The property of the parameter was treated as an annotation to the data. This annotation is attached to the workflow definition file using the Taverna knowledge provenance template. This query is realized in two steps. 1) Getting all the runs {ri} that were ran on Monday 2) In each ri, getting all the process runs that invoke the “align_warp” service with a parameter “twelfth order”

1) Firstly we get all the runs that were ran on a Monday by the following query: As our provenance logs include the timestamp information about each workflow or process run, we can answer this query by the following query.

SELECT ?p
WHERE (?p <http://www.mygrid.org.uk/provenance#startTime> ?time) AND (?time > date)
USING ns FOR <http://www.mygrid.org.uk/provenance#> 
   xsd FOR <http://www.w3.org/2001/XMLSchema#>

In our example repository, this query returned 2 workflow runs:


urn:lsid:www.mygrid.org.uk:experimentinstance:HXQOVQA2ZI0

urn:lsid:www.mygrid.org.uk:experimentinstance:JF9QILMXB60


2) In the second step we try to find in each of these workflow runs, the invocations of procedure align_warp using a twelfth order nonlinear 1365 parameter model.

SELECT ?p 
WHERE <urn:lsid:www.mygrid.org.uk:experimentinstance:HXQOVQA2ZI0>
(?p <http://www.mygrid.org.uk/provenance#runsProcess> ?processname . 
?p <http://www.mygrid.org.uk/provenance#processInput> ?inputParameter .
?inputParameter <ont:model> <ontology:twelfthOrder>) 
USING ns FOR <http://www.mygrid.org.uk/provenance#> 
      ont FOR <http://www.mygrid.org.uk/ontology#>

This returns two sets process runs:


Get runs urn:www.mygrid.org.uk/process_run#1155222243328

Get runs urn:www.mygrid.org.uk/process_run#1155222243578

Get runs urn:www.mygrid.org.uk/process_run#1155222242781

Get runs urn:www.mygrid.org.uk/process_run#1155222243062



Get runs urn:www.mygrid.org.uk/process_run#1155224291812

Get runs urn:www.mygrid.org.uk/process_run#1155224292453

Get runs urn:www.mygrid.org.uk/process_run#1155224292031

Get runs urn:www.mygrid.org.uk/process_run#1155224292250


5. Find all Atlas Graphic images outputted from workflows where at least one of the input Anatomy Headers had an entry global maximum=4095. The contents of a header file can be extracted as text using the scanheader AIR utility.


Input: a set of data {ind} with the named as “Anatomy Headers” which has an entry 4095

Output: a set of data {outd} named as “Atlas Graphic images” which are derived from the {ind}


In order to realize this query, we used the semantic metadata attached to the data products, as we did in the last query. Also to avoid presenting too many results, we choose to search for the target {outd} within a certain workflow run, although this query can be easily extended to query the overall provenance repository, as shown in the query 1.

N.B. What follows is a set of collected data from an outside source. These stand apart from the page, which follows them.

lemma in_closure_qball_set_add:
  assumes pg: "paratopological_group T" and q: "quasi_pseudometric d" and li: "left_invariant d"
    and x: "x \<in> T closure_of (qball_set d A e)" and dxy: "d x y < \<delta>"
  shows "y \<in> T closure_of (qball_set d A (e + \<delta>))"
  unfolding in_closure_of
proof (intro conjI allI impI)
  show "y \<in> topspace T" using paratopological_group_topspace[OF pg] by simp
  fix V assume V: "y \<in> V \<and> openin T V"
  define v where "v = -x + y"
  have xv: "x + v = y" unfolding v_def by (simp add: add.assoc[symmetric])
  have "openin T {w. w + v \<in> V}" "x \<in> {w. w + v \<in> V}"
    using openin_preimage_add_right[OF pg] V xv by auto
  then obtain w where w: "w \<in> qball_set d A e" "w + v \<in> V"
    using x[unfolded in_closure_of, THEN conjunct2, rule_format, of "{w. w + v \<in> V}"] by auto
  then obtain a where a: "a \<in> A" "d a w < e" by (auto simp: qball_set_def)
  have "d a (w + v) \<le> d a w + d w (w + v)"
    using q by (simp add: quasi_pseudometric_def)
  also have "d w (w + v) = d x y"
    using left_invariant_shift[OF li, of w v] left_invariant_shift[OF li, of x v] xv by simp
  finally have "d a (w + v) < e + \<delta>" using a dxy by simp
  then show "\<exists>z. z \<in> qball_set d A (e + \<delta>) \<and> z \<in> V" using a w by (auto simp: qball_set_def)
qed

lemma openin_closed_dist_less:
  assumes pg: "paratopological_group T" and q: "quasi_pseudometric d" and li: "left_invariant d"
    and balls: "\<And>x e. openin T (qball d x e)" and A: "A \<noteq> {}"
  shows "openin T {x. closed_dist T d A x < c}"
proof (subst openin_subopen, intro ballI)
  have top: "topspace T = UNIV" using paratopological_group_topspace[OF pg] .
  fix x assume "x \<in> {x. closed_dist T d A x < c}"
  then obtain e where e: "e > 0" "e < c" "x \<in> T closure_of (qball_set d A e)"
    using closed_dist_less_iff[OF top A] by auto
  define \<delta> where "\<delta> = (c - e) / 2"
  have \<delta>: "\<delta> > 0" "e + \<delta> < c" using e unfolding \<delta>_def by (auto simp: field_simps)
  have "qball d x \<delta> \<subseteq> {x. closed_dist T d A x < c}"
  proof
    fix y assume "y \<in> qball d x \<delta>"
    then have "y \<in> T closure_of (qball_set d A (e + \<delta>))"
      using in_closure_qball_set_add[OF pg q li e(3)] by (simp add: qball_def)
    then have "closed_dist T d A y \<le> e + \<delta>" using e(1) \<delta>(1) by (intro closed_dist_le) auto
    then show "y \<in> {x. closed_dist T d A x < c}" using \<delta>(2) by simp
  qed
  moreover have "x \<in> qball d x \<delta>" using \<delta>(1) q by (simp add: qball_def quasi_pseudometric_def)
  ultimately show "\<exists>U. openin T U \<and> x \<in> U \<and> U \<subseteq> {x. closed_dist T d A x < c}"
    using balls by blast
qed

lemma openin_closed_dist_greater:
  assumes top: "topspace T = UNIV" and A: "A \<noteq> {}"
  shows "openin T {x. c < closed_dist T d A x}"
proof (cases "c < 0")
  case True
  then show ?thesis
    using closed_dist_nonneg[OF assms] openin_topspace[of T] top by (simp add: less_le_trans)
next
  case False
  have "{x. c < closed_dist T d A x} =
      (\<Union>e\<in>{e. c < e}. topspace T - T closure_of (qball_set d A e))"
  proof (intro set_eqI iffI)
    fix x assume "x \<in> {x. c < closed_dist T d A x}"
    define m where "m = (c + closed_dist T d A x) / 2"
    have m: "c < m" "m < closed_dist T d A x" using \<open>x \<in> _\<close> unfolding m_def by auto
    then have "x \<notin> T closure_of (qball_set d A m)"
      using False closed_dist_le[of m x T d A] by fastforce
    with m(1) top show "x \<in> (\<Union>e\<in>{e. c < e}. topspace T - T closure_of (qball_set d A e))"
      by blast
  next
    fix x assume "x \<in> (\<Union>e\<in>{e. c < e}. topspace T - T closure_of (qball_set d A e))"
    then obtain e where "c < e" "x \<notin> T closure_of (qball_set d A e)" by blast
    then have "\<not> closed_dist T d A x < e"
      using closed_dist_less_iff[OF top A] closure_qball_set_mono by (metis less_imp_le)
    then show "x \<in> {x. c < closed_dist T d A x}" using \<open>c < e\<close> by simp
  qed
  moreover have "openin T (\<Union>e\<in>{e. c < e}. topspace T - T closure_of (qball_set d A e))"
    by (intro openin_Union) auto
  ultimately show ?thesis by simp
qed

We realize this query in two steps; 1)Getting all the identities for the {ind} 2)Getting all the {outd} which are indirectly derived from {ind} using the deep provenance algorithm.

1) In the first step, we try to find all the {ind}. The query is shown in the following:

SELECT ?data 
WHERE <urn:lsid:www.mygrid.org.uk:experimentinstance:HXQOVQA2ZI0> 
(?data <ont:global> ?value) AND (?value eq "ontology:4095") 
USING ns FOR <http://www.mygrid.org.uk/provenance#> 
ont FOR <http://www.mygrid.org.uk/ontology#>

This returns the data product:


Get data urn:lsid:www.mygrid.org.uk:lsdocument:CIEIR0DODN10

This {ind} was produced in the run “urn:lsid:www.mygrid.org.uk:experimentinstance:HXQOVQA2ZI0” with the annotation showing that it has a maximum value 4095.

2) In the second, we try to find all the {outd} that are derived from {ind}. As {outd} is not directly derived from {ind}, but from some intermediate data products, including

The derivation relationship between {outd} and {ind} is not recorded directly in our provenance repository. Thus we use an algorithm named as “deep provenance” in order o find all the data products that are indirectly derived from another data product. The algorithm is as the following:

Given a input data ind or a set of input data {ind} and the target point for the derivation path, e,g. the type of data or the process that produced the data, the algorithm looks for the data indirectly derived from {ind} as the following: a). get a set of data {di} that is directly derived from {ind}

b). get a set of data {dj}, as each dj is directly derived from each di

c). the algorithm stops if the target point is reached

d). return {dk} 1<= i <= j <=k as the result {outd}.

Thus, the target Atlas Graphic images that are indirectly derived from “urn:lsid:www.mygrid.org.uk:lsdocument:CIEIR0DODN10” is returned as:


urn:lsid:www.mygrid.org.uk:lsdocument:CIEIR0DODN33

urn:lsid:www.mygrid.org.uk:lsdocument:CIEIR0DODN32

urn:lsid:www.mygrid.org.uk:lsdocument:CIEIR0DODN31


This can be simply verified by the little data derivation path shown in Figure 7. This figure shows which three Atlas Graphic images (CIEIR0DODN33, CIEIR0DODN32, CIEIR0DODN31) are derived from the header data “CIEIR0DODN10” and how they are derived from “CIEIR0DODN10” indirectly during a workflow run.

figure5_result.png

Figure 7.The data derivation path for the query 5.

6. Find all output averaged images of softmean (average) procedures, where the warped images taken as input were align_warped using a twelfth order nonlinear 1365 parameter model, i.e. "where softmean was preceded in the workflow, directly or indirectly, by an align_warp procedure with argument -m 12."


Input: a set of data {ind} that are input of “align warp” with the parameter “-m 12”

Output: a set of data {outd} that are output of “softmean” that are derived from {ind}


This query is similar to query 5. The target point for the “deep provenance” algorithm is changed to “output of softmean”. Thus two steps are performed to answer this query.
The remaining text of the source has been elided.